-
Notifications
You must be signed in to change notification settings - Fork 272
Description
What is the problem the feature request solves?
Note: This issue was generated with AI assistance. The specification details have been extracted from Spark documentation and may need verification.
Comet does not currently support the Spark percentile_cont function, causing queries using this function to fall back to Spark's JVM execution instead of running natively on DataFusion.
PercentileCont calculates a percentile value based on a continuous distribution of numeric or ANSI interval columns at a given percentage. It implements the SQL PERCENTILE_CONT function which uses linear interpolation between values when the exact percentile position falls between two data points.

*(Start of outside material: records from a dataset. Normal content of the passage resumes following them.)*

lemma energy_sup_bound:
  assumes fin: "initial_functional < \<infinity>"
  shows "(SUP t\<in>{0..T}. \<integral>\<^sup>+ x. ennreal (\<rho> x t * \<bar>u x t\<bar>\<^sup>2
            + (px (\<lambda>x t. \<rho> x t powr (\<alpha> - 1/2) / (\<alpha> - 1/2)) x t)\<^sup>2
            + \<rho> x t * Psi \<gamma> (\<rho> x t) rb) \<partial>lborel)
    \<le> ennreal (7 * initial_constant \<alpha>) * initial_functional"
proof (rule SUP_least)
  fix t :: real assume t: "t \<in> {0..T}"
  have "(\<integral>\<^sup>+ x. ennreal (\<rho> x t * \<bar>u x t\<bar>\<^sup>2
          + (px (\<lambda>x t. \<rho> x t powr (\<alpha> - 1/2) / (\<alpha> - 1/2)) x t)\<^sup>2
          + \<rho> x t * Psi \<gamma> (\<rho> x t) rb) \<partial>lborel)
      \<le> (\<integral>\<^sup>+x. ennreal (7 * (energy x t + bd_energy x t)) \<partial>lborel)"
    by (rule nn_integral_mono) (use functional_le_energies_at[OF t] in \<open>auto intro: ennreal_leI\<close>)
  also have "\<dots> \<le> ennreal (7 * initial_constant \<alpha>) * initial_functional"
    by (rule order_trans[OF add_increasing2[OF zero_le order_refl] integrated_energy_bound[OF _ t fin]])
       simp
  finally show "(\<integral>\<^sup>+ x. ennreal (\<rho> x t * \<bar>u x t\<bar>\<^sup>2
          + (px (\<lambda>x t. \<rho> x t powr (\<alpha> - 1/2) / (\<alpha> - 1/2)) x t)\<^sup>2
          + \<rho> x t * Psi \<gamma> (\<rho> x t) rb) \<partial>lborel)
      \<le> ennreal (7 * initial_constant \<alpha>) * initial_functional" .
qed
lemma length_filter_neighboring_le:
  assumes "neighboring D D'"
  shows "length (filter P D) \<le> length (filter P D') + 1"
proof -
  let ?A = "mset D" and ?B = "mset D'"
  have "?A \<subseteq># ?B + (?A - ?B)"
    by (metis subset_eq_diff_conv subset_mset.eq_iff union_commute)
  then have "filter_mset P ?A \<subseteq># filter_mset P ?B + filter_mset P (?A - ?B)"
    using multiset_filter_mono[of ?A "?B + (?A - ?B)" P] by simp
  then have "size (filter_mset P ?A) \<le> size (filter_mset P ?B) + size (filter_mset P (?A - ?B))"
    using size_mset_mono by fastforce
  also have "\<dots> \<le> size (filter_mset P ?B) + size (?A - ?B)"
    using size_filter_mset_lesseq by (rule add_left_mono)
  finally show ?thesis
    using assms unfolding neighboring_def by (simp flip: mset_filter size_mset)
qed

lemma idx_dist_le_iff: "idx_dist k i \<le> d \<longleftrightarrow> k \<le> i + d \<and> i \<le> k + d"
  unfolding idx_dist_def by auto

lemma median_bounds:
  assumes "length D > 0"
  shows "ord_stat D 1 \<le> median D" "median D \<le> ord_stat D (length D)"
proof -
  have "1 \<le> med_idx (length D)" "med_idx (length D) \<le> length D"
    using assms unfolding med_idx_def by linarith+
  then show "ord_stat D 1 \<le> median D" "median D \<le> ord_stat D (length D)"
    unfolding median_def by (metis ord_stat_mono order_refl)+
qed

lemma pct_loss_le_iff_exists_index:
  assumes "length D > 0"
  shows "pct_loss D a \<le> d \<longleftrightarrow>
    (ord_stat D 1 \<le> a \<and> a \<le> median D \<and>
      (\<exists>i\<in>{1..length D}. ord_stat D i \<le> a \<and> idx_dist (med_idx (length D)) i \<le> d)) \<or>
    (median D < a \<and> a \<le> ord_stat D (length D) \<and>
      (\<exists>i\<in>{1..length D}. a \<le> ord_stat D i \<and> idx_dist (med_idx (length D)) i \<le> d)) \<or>
    (\<not> (ord_stat D 1 \<le> a \<and> a \<le> ord_stat D (length D)) \<and> med_idx (length D) \<le> d)"
proof -
  let ?n = "length D" and ?k = "med_idx (length D)"
  have "\<exists>i\<in>{1..?n}. a \<in> {ord_stat D i..median D}" if "ord_stat D 1 \<le> a" "a \<le> median D"
    using that assms by (intro bexI[of _ 1]) (auto simp: Suc_le_eq)
  moreover have "\<exists>i\<in>{1..?n}. a \<in> {median D..ord_stat D i}" if "median D < a" "a \<le> ord_stat D ?n"
    using that assms by (intro bexI[of _ ?n]) (auto simp: Suc_le_eq)
  ultimately show ?thesis
    unfolding pct_loss_def Let_def
    using median_bounds[OF assms]
      Least_image_le_iff[of "{1..?n}" "\<lambda>i. a \<in> {ord_stat D i..median D}" "idx_dist ?k" d]
      Least_image_le_iff[of "{1..?n}" "\<lambda>i. a \<in> {median D..ord_stat D i}" "idx_dist ?k" d]
    by (auto simp: Suc_le_eq)
qed

lemma pct_loss_le_med_idx:
  assumes "length D > 0"
  shows "pct_loss D a \<le> med_idx (length D)"
proof -
  let ?n = "length D" and ?k = "med_idx (length D)"
  have "1 \<le> ?k" "?n \<le> ?k + ?k" "1 \<le> ?n"
    using assms unfolding med_idx_def by linarith+
  then have "idx_dist ?k 1 \<le> ?k" "idx_dist ?k ?n \<le> ?k" "1 \<in> {1..?n}" "?n \<in> {1..?n}"
    unfolding idx_dist_le_iff by auto
  moreover consider "ord_stat D 1 \<le> a \<and> a \<le> median D" | "median D < a \<and> a \<le> ord_stat D ?n"
    | "\<not> (ord_stat D 1 \<le> a \<and> a \<le> ord_stat D ?n)"
    using median_bounds[OF assms] by linarith
  ultimately show ?thesis
    unfolding pct_loss_le_iff_exists_index[OF assms] by cases blast+
qed

lemma pct_loss_le_iff:
  assumes "odd (length D)" "d < med_idx (length D)"
  shows "pct_loss D a \<le> d \<longleftrightarrow>
    ord_stat D (med_idx (length D) - d) \<le> a \<and> a \<le> ord_stat D (med_idx (length D) + d)"
proof -
  let ?n = "length D" and ?k = "med_idx (length D)" and ?x = "ord_stat D"
  let ?lo = "?k - d" and ?hi = "?k + d"
  have bounds: "1 \<le> ?lo" "?lo \<le> ?k" "?k \<le> ?hi" "?hi \<le> ?n"
    using assms by (auto simp: med_idx_def elim!: oddE)
  then have n: "0 < ?n" by linarith
  have mono: "?x i \<le> ?x j" if "1 \<le> i" "i \<le> j" "j \<le> ?n" for i j
    using ord_stat_mono that by blast
  have chain: "?x 1 \<le> ?x ?lo" "?x ?lo \<le> ?x ?k" "?x ?k \<le> ?x ?hi" "?x ?hi \<le> ?x ?n"
    using bounds by (auto intro!: mono)
  have lower: "(\<exists>i\<in>{1..?n}. ?x i \<le> a \<and> idx_dist ?k i \<le> d) \<longleftrightarrow> ?x ?lo \<le> a"
  proof
    assume "\<exists>i\<in>{1..?n}. ?x i \<le> a \<and> idx_dist ?k i \<le> d"
    then obtain i where "i \<in> {1..?n}" "?x i \<le> a" "idx_dist ?k i \<le> d" by blast
    moreover from this have "?x ?lo \<le> ?x i" using bounds by (intro mono) (auto simp: idx_dist_le_iff)
    ultimately show "?x ?lo \<le> a" by linarith
  qed (use bounds in \<open>auto simp: idx_dist_le_iff intro!: bexI[of _ ?lo]\<close>)
  have upper: "(\<exists>i\<in>{1..?n}. a \<le> ?x i \<and> idx_dist ?k i \<le> d) \<longleftrightarrow> a \<le> ?x ?hi"
  proof
    assume "\<exists>i\<in>{1..?n}. a \<le> ?x i \<and> idx_dist ?k i \<le> d"
    then obtain i where "i \<in> {1..?n}" "a \<le> ?x i" "idx_dist ?k i \<le> d" by blast
    moreover from this have "?x i \<le> ?x ?hi" using bounds by (intro mono) (auto simp: idx_dist_le_iff)
    ultimately show "a \<le> ?x ?hi" by linarith
  qed (use bounds in \<open>auto simp: idx_dist_le_iff intro!: bexI[of _ ?hi]\<close>)
  show ?thesis
    unfolding pct_loss_le_iff_exists_index[OF n] lower upper median_def
    using assms(2) chain by auto
qed
lemma linear_subset_coset_decomposition:
  assumes fin: "finite L" and L0: "linear_set L0" and L: "linear_set L" "L0 \<subseteq> L"
    and c: "0 < c0" "c0 \<le> c" and card: "c * card L = 2 * (c0 * card L0)"
  obtains a where "a \<in> L"
    "\<And>Y. c * set_indicator L Y = c0 * set_indicator L0 Y + c0 * set_indicator (sym_diff a ` L0) Y"
proof (cases "L0 = L")
  case True
  have "0 < card L0"
    using fin L0 True card_gt_0_iff unfolding linear_set_def by blast
  then have "c = 2 * c0"
    using card True by simp
  moreover have "sym_diff {} ` L0 = L0"
    by simp
  ultimately show ?thesis
    using that[of "{}"] L0 True unfolding linear_set_def set_indicator_def by auto
next
  case False
  \<comment> \<open>a coset of L0 disjoint from L0 doubles the count, so the mass identity forces c = c0\<close>
  then obtain a where a: "a \<in> L - L0"
    using L(2) by blast
  have fin0: "finite L0"
    using fin L(2) finite_subset by blast
  have coset: "sym_diff a ` L0 \<subseteq> L - L0"
    using sym_diff_image_subset_diff[OF L0 L a] .
  have card_coset: "card (sym_diff a ` L0) = card L0"
    using card_image[OF inj_on_sym_diff] .
  have card_split: "card L = card L0 + card (L - L0)"
    using fin L(2) by (metis card_Diff_subset card_mono fin0 le_add_diff_inverse)
  have "card L0 \<le> card (L - L0)"
    using card_mono[OF _ coset] fin card_coset by simp
  then have "c * (2 * card L0) \<le> c * card L"
    using card_split by simp
  also have "\<dots> = c0 * (2 * card L0)"
    using card by simp
  finally have "c * (2 * card L0) \<le> c0 * (2 * card L0)" .
  moreover have "0 < card L0"
    using fin0 L0 card_gt_0_iff unfolding linear_set_def by blast
  ultimately have "c = c0"
    using c by simp
  then have "card (L - L0) = card L0"
    using card card_split c(1) by simp
  then have "sym_diff a ` L0 = L - L0"
    using card_subset_eq[OF _ coset] fin card_coset by simp
  then have "c * set_indicator L Y = c0 * set_indicator L0 Y + c0 * set_indicator (sym_diff a ` L0) Y"
    for Y
    using L(2) \<open>c = c0\<close> unfolding set_indicator_def by (cases "Y \<in> L0") auto
  with a that show ?thesis
    by blast
qed

lemma linear_set_insert_coset:
  assumes L0: "linear_set L0" "L0 \<subseteq> Pow F" and a: "a \<subseteq> F" and e: "e \<notin> F"
  shows "linear_set (L0 \<union> insert e ` sym_diff a ` L0)" (is "linear_set ?L")
  unfolding linear_set_def
proof (intro conjI ballI)
  show "{} \<in> ?L"
    using L0(1) unfolding linear_set_def by blast
  fix A B assume "A \<in> ?L" "B \<in> ?L"
  then obtain l1 l2 where l: "l1 \<in> L0" "l2 \<in> L0"
    and A: "A = l1 \<or> A = insert e (sym_diff a l1)" and B: "B = l2 \<or> B = insert e (sym_diff a l2)"
    by blast
  have l12: "sym_diff l1 l2 \<in> L0"
    using L0(1) l unfolding linear_set_def by blast
  have "e \<notin> l1" "e \<notin> l2" "e \<notin> a"
    using L0(2) l a e by auto
  then have ml: "sym_diff l1 (insert e (sym_diff a l2)) = insert e (sym_diff a (sym_diff l1 l2))"
    and lm: "sym_diff (insert e (sym_diff a l1)) l2 = insert e (sym_diff a (sym_diff l1 l2))"
    and mm: "sym_diff (insert e (sym_diff a l1)) (insert e (sym_diff a l2)) = sym_diff l1 l2"
    by blast+
  from A B show "sym_diff A B \<in> ?L"
  proof (elim disjE)
    assume "A = l1" "B = l2"
    then show ?thesis
      using l12 by blast
  next
    assume "A = l1" "B = insert e (sym_diff a l2)"
    then have sd: "sym_diff A B = insert e (sym_diff a (sym_diff l1 l2))"
      by (simp only: ml)
    show ?thesis
      unfolding sd using l12 by blast
  next
    assume "A = insert e (sym_diff a l1)" "B = l2"
    then have sd: "sym_diff A B = insert e (sym_diff a (sym_diff l1 l2))"
      by (simp only: lm)
    show ?thesis
      unfolding sd using l12 by blast
  next
    assume "A = insert e (sym_diff a l1)" "B = insert e (sym_diff a l2)"
    then have sd: "sym_diff A B = sym_diff l1 l2"
      by (simp only: mm)
    show ?thesis
      unfolding sd using l12 by blast
  qed
qed

definition multiple_of_linear_set :: "'a set \<Rightarrow> ('a set \<Rightarrow> nat) \<Rightarrow> bool" where
  "multiple_of_linear_set E f \<longleftrightarrow>
     (\<exists>c>0. \<exists>L\<subseteq>Pow E. linear_set L \<and> (\<forall>Y\<subseteq>E. f Y = c * set_indicator L Y))"

lemma multiple_of_linear_set_insert_coset:
  assumes e: "e \<notin> F" and c: "0 < c" and L0: "linear_set L0" "L0 \<subseteq> Pow F" and a: "a \<subseteq> F"
    and f0: "\<And>Y. Y \<subseteq> F \<Longrightarrow> f Y = c * set_indicator L0 Y"
    and f1: "\<And>Y. Y \<subseteq> F \<Longrightarrow> f (insert e Y) = c * set_indicator (sym_diff a ` L0) Y"
  shows "multiple_of_linear_set (insert e F) f"
  unfolding multiple_of_linear_set_def
proof (intro exI[of _ c] exI[of _ "L0 \<union> insert e ` sym_diff a ` L0"] conjI allI impI)
  define M where "M = sym_diff a ` L0"
  have M: "M \<subseteq> Pow F"
    using L0(2) a by (auto simp: M_def)
  show "0 < c" by fact
  show "L0 \<union> insert e ` sym_diff a ` L0 \<subseteq> Pow (insert e F)"
    using L0(2) M by (auto simp: M_def)
  show "linear_set (L0 \<union> insert e ` sym_diff a ` L0)"
    using linear_set_insert_coset[OF L0 a e] .
  fix Y assume Y: "Y \<subseteq> insert e F"
  show "f Y = c * set_indicator (L0 \<union> insert e ` sym_diff a ` L0) Y"
  proof (cases "e \<in> Y")
    case True
    then have Y_eq: "Y = insert e (Y - {e})" and "Y - {e} \<subseteq> F" "Y \<notin> L0"
      using Y L0(2) e by auto
    have "Y \<in> insert e ` M \<longleftrightarrow> Y - {e} \<in> M"
    proof
      assume "Y \<in> insert e ` M"
      then obtain Z where "Z \<in> M" "Y = insert e Z"
        by blast
      moreover have "e \<notin> Z"
        using \<open>Z \<in> M\<close> M e by blast
      ultimately show "Y - {e} \<in> M"
        by simp
    next
      assume "Y - {e} \<in> M"
      then show "Y \<in> insert e ` M"
        using Y_eq by (metis imageI)
    qed
    moreover have "f Y = c * set_indicator M (Y - {e})"
      using f1[OF \<open>Y - {e} \<subseteq> F\<close>] Y_eq by (metis M_def)
    ultimately show ?thesis
      using \<open>Y \<notin> L0\<close> by (simp add: set_indicator_def M_def)
  next
    case False
    then have "Y \<subseteq> F" "Y \<notin> insert e ` M"
      using Y by auto
    then show ?thesis
      using f0 by (simp add: set_indicator_def M_def)
  qed
qed
lemma lucas_shift_cong:
  assumes F: "fib_int T = 3^(j+1) * f" and L: "[lucas T = 2] (mod 3^(j+2))"
  shows "[lucas (n + T) = lucas n + 3^(j+1) * (f * fib_int n)] (mod 3^(j+2))"
    and "[fib_int (n + T) = fib_int n] (mod 3)"
proof -
  obtain g where g: "lucas T - 2 = 3^(j+2) * g"
    using L by (auto simp: cong_iff_dvd_diff dvd_diff_commute elim: dvdE)
  define D where "D = lucas (n + T) - (lucas n + 3^(j+1) * (f * fib_int n))"
  have "2 * D = 3^(j+2) * (g * lucas n + f * fib_int n)"
    using lucas_add[of n T] F g unfolding D_def by (simp add: algebra_simps)
  then have "(3::int)^(j+2) dvd 2 * D"
    by simp
  moreover have "coprime ((3::int)^(j+2)) 2"
    by simp
  ultimately have "(3::int)^(j+2) dvd D"
    by (simp add: coprime_dvd_mult_right_iff)
  then show "[lucas (n + T) = lucas n + 3^(j+1) * (f * fib_int n)] (mod 3^(j+2))"
    unfolding D_def by (simp add: cong_iff_dvd_diff dvd_diff_commute)
  have "2 * (fib_int (n + T) - fib_int n) = 3 * (3^(j+1) * g * fib_int n + 3^j * f * lucas n)"
    using fib_int_add[of n T] F g by (simp add: algebra_simps)
  then have "3 dvd fib_int (n + T) - fib_int n" by presburger
  then show "[fib_int (n + T) = fib_int n] (mod 3)"
    by (simp add: cong_iff_dvd_diff)
qed

lemma lucas_shift_mult_cong:
  assumes "fib_int T = 3^(j+1) * f" and "[lucas T = 2] (mod 3^(j+2))"
  shows "[lucas (n + k * T) = lucas n + 3^(j+1) * (int k * (f * fib_int n))] (mod 3^(j+2))
    \<and> [fib_int (n + k * T) = fib_int n] (mod 3)"
proof (induction k)
  case 0
  show ?case by simp
next
  case (Suc k)
  let ?n = "n + k * T"
  have "[3^(j+1) * (f * fib_int ?n) = 3^(j+1) * (f * fib_int n)] (mod 3^(j+1) * 3)"
    using Suc.IH by (intro cong_cmult_leftI cong_scalar_left) blast
  then have "[lucas ?n + 3^(j+1) * (f * fib_int ?n) = lucas ?n + 3^(j+1) * (f * fib_int n)] (mod 3^(j+2))"
    by (intro cong_add) simp_all
  then have "[lucas (?n + T) = lucas ?n + 3^(j+1) * (f * fib_int n)] (mod 3^(j+2))"
    using lucas_shift_cong(1)[OF assms, of ?n] by (blast intro: cong_trans)
  moreover have "[lucas ?n + 3^(j+1) * (f * fib_int n)
      = lucas n + 3^(j+1) * (int k * (f * fib_int n)) + 3^(j+1) * (f * fib_int n)] (mod 3^(j+2))"
    using Suc.IH by (intro cong_add) simp_all
  ultimately have "[lucas (?n + T) = lucas n + 3^(j+1) * (int (Suc k) * (f * fib_int n))] (mod 3^(j+2))"
    by (auto simp: algebra_simps dest: cong_trans)
  moreover have "[fib_int (?n + T) = fib_int n] (mod 3)"
    using lucas_shift_cong(2)[OF assms, of ?n] Suc.IH by (blast intro: cong_trans)
  ultimately show ?case by (simp add: algebra_simps)
qed

lemma lucas_surj_mod_pow3: "\<exists>n. \<not> 4 dvd n \<and> [lucas n = r] (mod 3^(j+1))"
proof (induction j arbitrary: r)
  case 0
  have "r mod 3 \<in> {0, 1, 2}" by auto
  moreover have "lucas 2 = 3" "lucas 1 = 1" "lucas 5 = 11" by (simp_all add: eval_nat_numeral)
  ultimately show ?case
    by (auto simp: cong_def intro: exI[of _ "2::nat"] exI[of _ "1::nat"] exI[of _ "5::nat"])
next
  case (Suc j)
  define T :: nat where "T = 8 * 3^j"
  obtain f where f: "fib_int T = 3^(j+1) * f" "\<not> 3 dvd f" and L: "[lucas T = 2] (mod 3^(j+2))"
    using fib_lucas_8_mult_pow3[of j] unfolding T_def by blast
  obtain n where n: "\<not> 4 dvd n" "[lucas n = r] (mod 3^(j+1))"
    using Suc.IH by blast
  have "(3::int)^(j+1) dvd r - lucas n"
    using n(2) by (simp add: cong_iff_dvd_diff dvd_diff_commute)
  then obtain q where "r - lucas n = 3^(j+1) * q" ..
  then have q: "r = lucas n + 3^(j+1) * q" by simp
  have "\<not> 3 dvd f * fib_int n"
    using f(2) n(1) three_dvd_fib_int_iff[of n] by (simp add: prime_dvd_mult_iff)
  then have "coprime 3 (f * fib_int n)"
    by (rule prime_imp_coprime[rotated]) simp
  then obtain e where e: "[f * fib_int n * e = 1] (mod 3)"
    using cong_solve_coprime_int coprime_commute by blast
  define k where "k = nat ((q * e) mod 3)"
  have "[int k = q * e] (mod 3)"
    unfolding k_def by (simp add: cong_def)
  then have "[int k * (f * fib_int n) = q * e * (f * fib_int n)] (mod 3)"
    by (rule cong_scalar_right)
  also have "[q * e * (f * fib_int n) = q] (mod 3)"
    using cong_scalar_left[OF e, of q] by (simp add: ac_simps)
  finally have "[3^(j+1) * (int k * (f * fib_int n)) = 3^(j+1) * q] (mod 3^(j+1) * 3)"
    by (rule cong_cmult_leftI)
  then have "[lucas n + 3^(j+1) * (int k * (f * fib_int n)) = r] (mod 3^(j+2))"
    unfolding q by (intro cong_add) simp_all
  then have "[lucas (n + k * T) = r] (mod 3^(Suc j + 1))"
    using lucas_shift_mult_cong[OF f(1) L, of n k] by (auto intro: cong_trans)
  moreover have "\<not> 4 dvd n + k * T"
    using n(1) unfolding T_def by (simp add: dvd_add_left_iff)
  ultimately show ?case by blast
qed
lemma (in sequence_space) nn_integral_mult_shift_seq:
  fixes F G :: "(nat \<Rightarrow> 'a) \<Rightarrow> ennreal"
  assumes F: "F \<in> borel_measurable S" and G: "G \<in> borel_measurable S"
    and F_local: "\<And>\<omega> \<omega>'. (\<And>i. i < m \<Longrightarrow> \<omega> i = \<omega>' i) \<Longrightarrow> F \<omega> = F \<omega>'"
  shows "(\<integral>\<^sup>+\<omega>. F \<omega> * G (shift_seq m \<omega>) \<partial>S) = (\<integral>\<^sup>+\<omega>. F \<omega> \<partial>S) * (\<integral>\<^sup>+\<omega>. G \<omega> \<partial>S)"
proof -
  let ?H = "\<lambda>\<omega>. F \<omega> * G (shift_seq m \<omega>)"
  have H: "?H \<in> borel_measurable S" using F G by measurable
  have "(\<integral>\<^sup>+\<omega>. ?H \<omega> \<partial>S) = (\<integral>\<^sup>+\<omega>. ?H \<omega> \<partial>distr (S \<Otimes>\<^sub>M S) S (\<lambda>(\<omega>, \<omega>'). comb_seq m \<omega> \<omega>'))"
    by (simp add: PiM_comb_seq)
  also have "\<dots> = (\<integral>\<^sup>+p. ?H (comb_seq m (fst p) (snd p)) \<partial>(S \<Otimes>\<^sub>M S))"
    by (subst nn_integral_distr[OF measurable_comb_seq]) (simp_all add: H case_prod_beta)
  also have "\<dots> = (\<integral>\<^sup>+p. F (fst p) * G (snd p) \<partial>(S \<Otimes>\<^sub>M S))"
  proof (rule nn_integral_cong)
    fix p :: "(nat \<Rightarrow> 'a) \<times> (nat \<Rightarrow> 'a)"
    have "F (comb_seq m (fst p) (snd p)) = F (fst p)" by (rule F_local) (simp add: comb_seq_less)
    moreover have "shift_seq m (comb_seq m (fst p) (snd p)) = snd p"
      by (simp add: shift_seq_def comb_seq_add fun_eq_iff)
    ultimately show "?H (comb_seq m (fst p) (snd p)) = F (fst p) * G (snd p)" by simp
  qed
  also have "\<dots> = (\<integral>\<^sup>+\<omega>. \<integral>\<^sup>+\<omega>'. F \<omega> * G \<omega>' \<partial>S \<partial>S)"
  proof -
    have "(\<lambda>p. F (fst p) * G (snd p)) \<in> borel_measurable (S \<Otimes>\<^sub>M S)" using F G by measurable
    from P.nn_integral_fst[OF this] show ?thesis by simp
  qed
  also have "\<dots> = (\<integral>\<^sup>+\<omega>. F \<omega> \<partial>S) * (\<integral>\<^sup>+\<omega>. G \<omega> \<partial>S)"
    using F G by (simp add: nn_integral_cmult nn_integral_multc)
  finally show ?thesis .
qed

lemma (in sequence_space) nn_integral_case_nat:
  fixes H :: "(nat \<Rightarrow> 'a) \<Rightarrow> ennreal"
  assumes H: "H \<in> borel_measurable S"
  shows "(\<integral>\<^sup>+\<omega>. H \<omega> \<partial>S) = (\<integral>\<^sup>+e. \<integral>\<^sup>+\<omega>. H (case_nat e \<omega>) \<partial>S \<partial>M)"
proof -
  have case_nat: "(\<lambda>(e, \<omega>). case_nat e \<omega>) \<in> measurable (M \<Otimes>\<^sub>M S) S" by measurable
  have "(\<integral>\<^sup>+\<omega>. H \<omega> \<partial>S) = (\<integral>\<^sup>+\<omega>. H \<omega> \<partial>distr (M \<Otimes>\<^sub>M S) S (\<lambda>(e, \<omega>). case_nat e \<omega>))"
    by (simp add: PiM_iter)
  also have "\<dots> = (\<integral>\<^sup>+p. H (case_nat (fst p) (snd p)) \<partial>(M \<Otimes>\<^sub>M S))"
    by (subst nn_integral_distr[OF case_nat]) (simp_all add: H case_prod_beta)
  also have "\<dots> = (\<integral>\<^sup>+e. \<integral>\<^sup>+\<omega>. H (case_nat e \<omega>) \<partial>S \<partial>M)"
    using measurable_compose[OF case_nat H]
    by (subst P.nn_integral_fst[symmetric]) (simp_all add: case_prod_beta)
  finally show ?thesis .
qed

This expression is a runtime-replaceable aggregate that delegates to the internal Percentile implementation.
Supporting this expression would allow more Spark workloads to benefit from Comet's native acceleration.
Describe the potential solution
Spark Specification
Syntax:
PERCENTILE_CONT(percentage) WITHIN GROUP (ORDER BY column [ASC|DESC])// Used internally by Catalyst - not directly exposed in DataFrame API
// The DataFrame API uses percentile_approx for similar functionalityArguments:
| Argument | Type | Description |
|---|---|---|
| left | Expression | The column expression to calculate percentile over (ORDER BY clause) |
| right | Expression | The percentile value between 0.0 and 1.0 |
| reverse | Boolean | Whether to reverse the ordering (DESC vs ASC), defaults to false |
Return Type: Returns the same data type as the input column being aggregated (numeric types or ANSI interval types).
Supported Data Types:
Supports numeric data types and ANSI interval types as determined by the underlying Percentile implementation's input type validation.
Edge Cases:
- Null handling behavior is delegated to the underlying Percentile implementation
- Empty input datasets return null
- Percentile values outside 0.0-1.0 range cause validation errors
- Requires exactly one ordering column - throws QueryCompilationError for multiple orderings
- DISTINCT clause is not supported and will be ignored
- UnresolvedWithinGroup state indicates incomplete ordering specification
Examples:
-- Calculate median (50th percentile) of salary
SELECT PERCENTILE_CONT(0.5) WITHIN GROUP (ORDER BY salary) as median_salary
FROM employees;
-- Calculate 95th percentile in descending order
SELECT PERCENTILE_CONT(0.95) WITHIN GROUP (ORDER BY response_time DESC) as p95_response
FROM requests;// This is an internal Catalyst expression
// DataFrame API equivalent would use approxQuantile or percentile_approx
df.stat.approxQuantile("salary", Array(0.5), 0.0)Implementation Approach
See the Comet guide on adding new expressions for detailed instructions.
- Scala Serde: Add expression handler in
spark/src/main/scala/org/apache/comet/serde/ - Register: Add to appropriate map in
QueryPlanSerde.scala - Protobuf: Add message type in
native/proto/src/proto/expr.protoif needed - Rust: Implement in
native/spark-expr/src/(check if DataFusion has built-in support first)
Additional context
Difficulty: Medium
Spark Expression Class: org.apache.spark.sql.catalyst.expressions.PercentileCont
Related:
- Percentile - The underlying implementation class
- PercentileDisc - Discrete percentile calculation
- RuntimeReplaceableAggregate - Base trait for replaceable aggregates
- SupportsOrderingWithinGroup - Interface for WITHIN GROUP syntax
This issue was auto-generated from Spark reference documentation.